definition skew_inv_hecke ::
  "nat \<Rightarrow> complex \<Rightarrow> (nat \<Rightarrow> nat \<Rightarrow> nat \<Rightarrow> nat \<Rightarrow> complex) \<Rightarrow> (nat \<Rightarrow> nat \<Rightarrow> nat \<Rightarrow> nat \<Rightarrow> complex) \<Rightarrow> bool" where
  "skew_inv_hecke N q R Ri \<longleftrightarrow>
     teq N 2 (tmul N 2 (op2 R 0) (op2 Ri 0)) tid \<and>
     teq N 2 (tmul N 2 (op2 Ri 0) (op2 R 0)) tid \<and>
     teq N 3 (tmul N 3 (op2 R 0) (tmul N 3 (op2 R 1) (op2 R 0)))
             (tmul N 3 (op2 R 1) (tmul N 3 (op2 R 0) (op2 R 1))) \<and>
     teq N 2 (tmul N 2 (op2 R 0) (op2 R 0)) (tadd tid (tsmul (q - inverse q) (op2 R 0))) \<and>
     (\<exists>\<Psi> :: nat \<Rightarrow> nat \<Rightarrow> nat \<Rightarrow> nat \<Rightarrow> complex.
        \<forall>i<N. \<forall>k<N. \<forall>l<N. \<forall>m<N.
          (\<Sum>j<N. \<Sum>b<N. R i j l b * \<Psi> b k j m) = (if i = m \<and> k = l then 1 else 0) \<and>
          (\<Sum>j<N. \<Sum>b<N. \<Psi> i j l b * R b k j m) = (if i = m \<and> k = l then 1 else 0))"

text \<open>sc makes the ring 'a a unital associative C-algebra (unital ring hom into the centre).\<close>
definition complex_alg :: "(complex \<Rightarrow> 'a::ring_1) \<Rightarrow> bool" where
  "complex_alg sc \<longleftrightarrow> sc 1 = 1 \<and> (\<forall>x y. sc (x + y) = sc x + sc y) \<and>
     (\<forall>x y. sc (x * y) = sc x * sc y) \<and> (\<forall>x a. sc x * a = a * sc x)"

text \<open>Defining relations of the quantum Weyl algebra W(R) for matrices M, D with entries in 'a:
  reflection equation for M with R, for D with R^{-1}, and D_1 M_{bar 2} = R_1^{-1} + M_{bar 2} D_1 R_1^{-2}.\<close>
definition weyl_rel :: "nat \<Rightarrow> (complex \<Rightarrow> 'a::ring_1) \<Rightarrow> (nat \<Rightarrow> nat \<Rightarrow> nat \<Rightarrow> nat \<Rightarrow> complex)
     \<Rightarrow> (nat \<Rightarrow> nat \<Rightarrow> nat \<Rightarrow> nat \<Rightarrow> complex) \<Rightarrow> (nat \<Rightarrow> nat \<Rightarrow> 'a) \<Rightarrow> (nat \<Rightarrow> nat \<Rightarrow> 'a) \<Rightarrow> bool" where
  "weyl_rel N sc R Ri M D \<longleftrightarrow>
     (let R1 = tmap sc (op2 R 0); Ri1 = tmap sc (op2 Ri 0); M1 = op1 M; D1 = op1 D;
          M2 = bar N 2 sc R Ri M 2 in
      teq N 2 (tmul N 2 R1 (tmul N 2 M1 (tmul N 2 R1 M1)))
              (tmul N 2 M1 (tmul N 2 R1 (tmul N 2 M1 R1))) \<and>
      teq N 2 (tmul N 2 Ri1 (tmul N 2 D1 (tmul N 2 Ri1 D1)))
              (tmul N 2 D1 (tmul N 2 Ri1 (tmul N 2 D1 Ri1))) \<and>
      teq N 2 (tmul N 2 D1 M2)
              (tadd Ri1 (tmul N 2 M2 (tmul N 2 D1 (tmul N 2 Ri1 Ri1)))))"

end

(*
  Write lambda = q - q^-1 and Z_m = D_{bar m} ... D_{bar 1}.  The identity follows by induction
  on n from the exchange relation

    Z_m (L_{bar (m+1)} + (J_{m+1}^-1 - 1) / lambda) = L_{bar (m+1)} Z_m J_{m+1}^-1,

  from L_{bar k} = M_{bar k} D_{bar k}, and from the fact that J_{m+1}^-1 and the factor
  L_{bar (m+1)} + (J_{m+1}^-1 - 1) / lambda commute with J_1^-1 ... J_m^-1.  The exchange
  relation is proved by induction on m as well: conjugation by R_k R_{k+1} shifts the Weyl
  relation D_{bar 1} M_{bar 2} = R_1^-1 + M_{bar 2} D_{bar 1} R_1^-2 and the reflection equation
  for D from the positions k, k+1 to k+1, k+2, and the Hecke relation in the form
  R = R^-1 + lambda cancels the correction term.

  Only the braid, Hecke and locality relations of the R_k enter, so the argument is carried out
  in an abstract algebra.  The tensor matrices of the statement form such an algebra once
  products are taken modulo the entries outside the genuine multi-indices.
*)

theory Submission
  imports Defs "HOL-Library.Function_Algebras"
begin

section \<open>An abstract algebra with Hecke generators\<close>

text \<open>In the tensor-matrix model the unit only acts as the projection nrm that discards the entries
  at non-genuine multi-indices, so nrm is part of the structure.\<close>

locale normalized_ring =
  fixes mul :: "'a::ab_group_add \<Rightarrow> 'a \<Rightarrow> 'a" (infixr "\<odot>" 70)
    and nrm :: "'a \<Rightarrow> 'a"
    and one :: 'a
  assumes mul_assoc [simp]: "(x \<odot> y) \<odot> z = x \<odot> (y \<odot> z)"
    and mul_distrib_left: "x \<odot> (y + z) = x \<odot> y + x \<odot> z"
    and mul_distrib_right: "(x + y) \<odot> z = x \<odot> z + y \<odot> z"
    and nrm_mul [simp]: "nrm (x \<odot> y) = x \<odot> y"
    and mul_nrm_left [simp]: "nrm x \<odot> y = x \<odot> y"
    and mul_nrm_right [simp]: "x \<odot> nrm y = x \<odot> y"
    and one_mul [simp]: "one \<odot> x = nrm x"
    and mul_one [simp]: "x \<odot> one = nrm x"
    and nrm_add: "nrm (x + y) = nrm x + nrm y"
    and nrm_one [simp]: "nrm one = one"
begin

lemma mul_zero_right [simp]: "x \<odot> 0 = 0"
  by (metis add_cancel_right_right mul_distrib_left)

lemma mul_diff_left: "x \<odot> (y - z) = x \<odot> y - x \<odot> z"
  by (metis add_diff_cancel diff_add_cancel mul_distrib_left eq_diff_eq)

lemma mul_diff_right: "(y - z) \<odot> x = y \<odot> x - z \<odot> x"
  by (metis add_diff_cancel diff_add_cancel mul_distrib_right eq_diff_eq)

lemma mul_eq_extend: "a \<odot> b = c \<Longrightarrow> a \<odot> b \<odot> z = c \<odot> z"
  by (metis mul_assoc)

definition commute :: "'a \<Rightarrow> 'a \<Rightarrow> bool" where
  "commute x y \<longleftrightarrow> x \<odot> y = y \<odot> x"

lemma commute_mul_extend: "commute x y \<Longrightarrow> x \<odot> y \<odot> z = y \<odot> x \<odot> z"
  unfolding commute_def by (metis mul_assoc)

lemma commute_sym: "commute x y \<Longrightarrow> commute y x"
  unfolding commute_def by simp

lemma commute_mul: "commute x y \<Longrightarrow> commute x z \<Longrightarrow> commute x (y \<odot> z)"
  unfolding commute_def by (metis mul_assoc)

lemma commute_one: "nrm x = x \<Longrightarrow> commute x one"
  unfolding commute_def by simp

lemma commute_add: "commute x z \<Longrightarrow> commute y z \<Longrightarrow> commute (x + y) z"
  unfolding commute_def by (simp add: mul_distrib_left mul_distrib_right)

lemma commute_diff: "commute x z \<Longrightarrow> commute y z \<Longrightarrow> commute (x - y) z"
  unfolding commute_def by (simp add: mul_diff_left mul_diff_right)

definition prodl :: "'a list \<Rightarrow> 'a" where
  "prodl xs = foldr (\<odot>) xs one"

lemma prodl_Nil [simp]: "prodl [] = one"
  and prodl_Cons [simp]: "prodl (x # xs) = x \<odot> prodl xs"
  unfolding prodl_def by simp_all

lemma nrm_prodl [simp]: "nrm (prodl xs) = prodl xs"
  by (cases xs) auto

lemma prodl_snoc: "nrm x = x \<Longrightarrow> prodl (xs @ [x]) = prodl xs \<odot> x"
  by (induction xs) auto

lemma commute_prodl: "nrm y = y \<Longrightarrow> (\<And>x. x \<in> set xs \<Longrightarrow> commute y x) \<Longrightarrow> commute y (prodl xs)"
  by (induction xs) (auto intro: commute_mul commute_one)

end

text \<open>r k and ri k model R_{k+1} and its inverse, acting in the tensor factors k + 1 and k + 2
  out of n; lam models q - q^-1.\<close>

locale hecke_generators = normalized_ring +
  fixes n :: nat and r ri :: "nat \<Rightarrow> 'a" and lam :: 'a
  assumes nrm_r [simp]: "nrm (r k) = r k"
    and nrm_ri [simp]: "nrm (ri k) = ri k"
    and nrm_lam [simp]: "nrm lam = lam"
    and r_ri [simp]: "k + 2 \<le> n \<Longrightarrow> r k \<odot> ri k = one"
    and ri_r [simp]: "k + 2 \<le> n \<Longrightarrow> ri k \<odot> r k = one"
    and hecke: "k + 2 \<le> n \<Longrightarrow> r k \<odot> r k = one + lam \<odot> r k"
    and braid: "k + 3 \<le> n \<Longrightarrow> r k \<odot> r (Suc k) \<odot> r k = r (Suc k) \<odot> r k \<odot> r (Suc k)"
    and far_commute: "i + 2 \<le> j \<Longrightarrow> j + 2 \<le> n \<Longrightarrow> r i \<odot> r j = r j \<odot> r i"
begin

lemma r_ri_cancel [simp]: "k + 2 \<le> n \<Longrightarrow> r k \<odot> ri k \<odot> z = nrm z"
  and ri_r_cancel [simp]: "k + 2 \<le> n \<Longrightarrow> ri k \<odot> r k \<odot> z = nrm z"
  using mul_eq_extend[OF r_ri] mul_eq_extend[OF ri_r] by simp_all
sublocale functional_tree V E
proof
  show dtree: "dtree V E" using path unfolding abstract_path_def by blast
  fix v assume v: "v \<in> V"
  have "finite E" using dtree unfolding dtree_def by (meson finite_SigmaI finite_subset)
  then have "card {e\<in>E. fst e = v} = out_count Ot v + out_count Ut v + out_count St v"
    by (rule out_degree_split)
  also have "\<dots> \<le> ent2 (tau v) Ot + ent2 (tau v) Ut + ent2 (tau v) St"
    using out_count_le_ent2[OF v] by (intro add_mono)
  finally show "card {e\<in>E. fst e = v} \<le> 1" using ent2_sum[OF v] by simp
qed

lemma interior_iff_not_boundary: "v \<in> V \<Longrightarrow> interior tau v \<longleftrightarrow> \<not> boundary tau v"
  using is_aedge_tau[of v] unfolding is_aedge_def interior_def boundary_def by auto

lemma interior_ends:
  "v \<in> V \<Longrightarrow> interior tau v \<Longrightarrow> ent1 (tau v) St = 0 \<and> ent2 (tau v) Ut = 0"
  using is_aedge_tau[of v] unfolding is_aedge_def interior_def by auto

lemma boundary_ends:
  "v \<in> V \<Longrightarrow> boundary tau v \<Longrightarrow> ent1 (tau v) Ot = 0 \<and> ent2 (tau v) Ot = 0"
  using is_aedge_tau[of v] unfolding is_aedge_def boundary_def by auto

lemma ent2_source_pos:
  assumes "e \<in> E"
  shows "ent2 (tau (fst e)) (sigma e) \<noteq> 0"
proof -
  have "0 < out_count (sigma e) (fst e)"
    unfolding out_count_def
    using card_Collect_pos[OF finite_E assms, of "\<lambda>e'. fst e' = fst e \<and> sigma e' = sigma e"]
    by simp
  also have "\<dots> \<le> ent2 (tau (fst e)) (sigma e)"
    using out_count_le_ent2 arrow_ends_in_V[OF assms] by blast
  finally show ?thesis by simp
qed
(* $\mathfrak{t}((c_0^+\setminus \ell^1,\leq ^* ))=\mathfrak{t}$.
   Context: $c_0^+$ is the set of all sequences of positive reals converging to $0$, $\ell^1$ the set of real sequences with convergent sum, so $c_0^+\setminus\ell^1$ is the set of positive null sequences with divergent sum. For $\bar f,\bar g\in c_0^+\setminus\ell^1$, $\bar f\leq^*\bar g$ means $\{n: f_n>g_n\}$ is finite. For an ordering $P$, $\mathfrak{t}(P)$ is the least cardinal $\kappa$ such that there is a decreasing (well-ordered) chain of length $\kappa$ in $P$ with no lower bound in $P$. $\mathfrak{t}$ is the tower number, i.e. $\mathfrak{t}(([\omega]^\omega,\subseteq^* ))$: the least length of a $\subseteq^*$-decreasing well-ordered sequence of infinite subsets of $\omega$ with no infinite pseudo-intersection. *)

theory Defs
  imports Complex_Main
begin

definition c0plus_not_l1 :: "(nat \<Rightarrow> real) set" where
  "c0plus_not_l1 = {f. (\<forall>n. 0 < f n) \<and> f \<longlonglongrightarrow> 0 \<and> \<not> summable f}"

definition ae_le :: "(nat \<Rightarrow> real) \<Rightarrow> (nat \<Rightarrow> real) \<Rightarrow> bool" where
  "ae_le f g \<longleftrightarrow> finite {n. f n > g n}"

definition inf_subsets :: "nat set set" where
  "inf_subsets = {A. infinite A}"

definition ae_subset :: "nat set \<Rightarrow> nat set \<Rightarrow> bool" where
  "ae_subset A B \<longleftrightarrow> finite (A - B)"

━━━

Using the listing above, copy exactly the line that contains "products are taken", the line that contains "nrm y = x \<odot>", and each line that falls between them.

  products are taken modulo the entries outside the genuine multi-indices.
*)

theory Submission
  imports Defs "HOL-Library.Function_Algebras"
begin

section \<open>An abstract algebra with Hecke generators\<close>

text \<open>In the tensor-matrix model the unit only acts as the projection nrm that discards the entries
  at non-genuine multi-indices, so nrm is part of the structure.\<close>

locale normalized_ring =
  fixes mul :: "'a::ab_group_add \<Rightarrow> 'a \<Rightarrow> 'a" (infixr "\<odot>" 70)
    and nrm :: "'a \<Rightarrow> 'a"
    and one :: 'a
  assumes mul_assoc [simp]: "(x \<odot> y) \<odot> z = x \<odot> (y \<odot> z)"
    and mul_distrib_left: "x \<odot> (y + z) = x \<odot> y + x \<odot> z"
    and mul_distrib_right: "(x + y) \<odot> z = x \<odot> z + y \<odot> z"
    and nrm_mul [simp]: "nrm (x \<odot> y) = x \<odot> y"
    and mul_nrm_left [simp]: "nrm x \<odot> y = x \<odot> y"
    and mul_nrm_right [simp]: "x \<odot> nrm y = x \<odot> y"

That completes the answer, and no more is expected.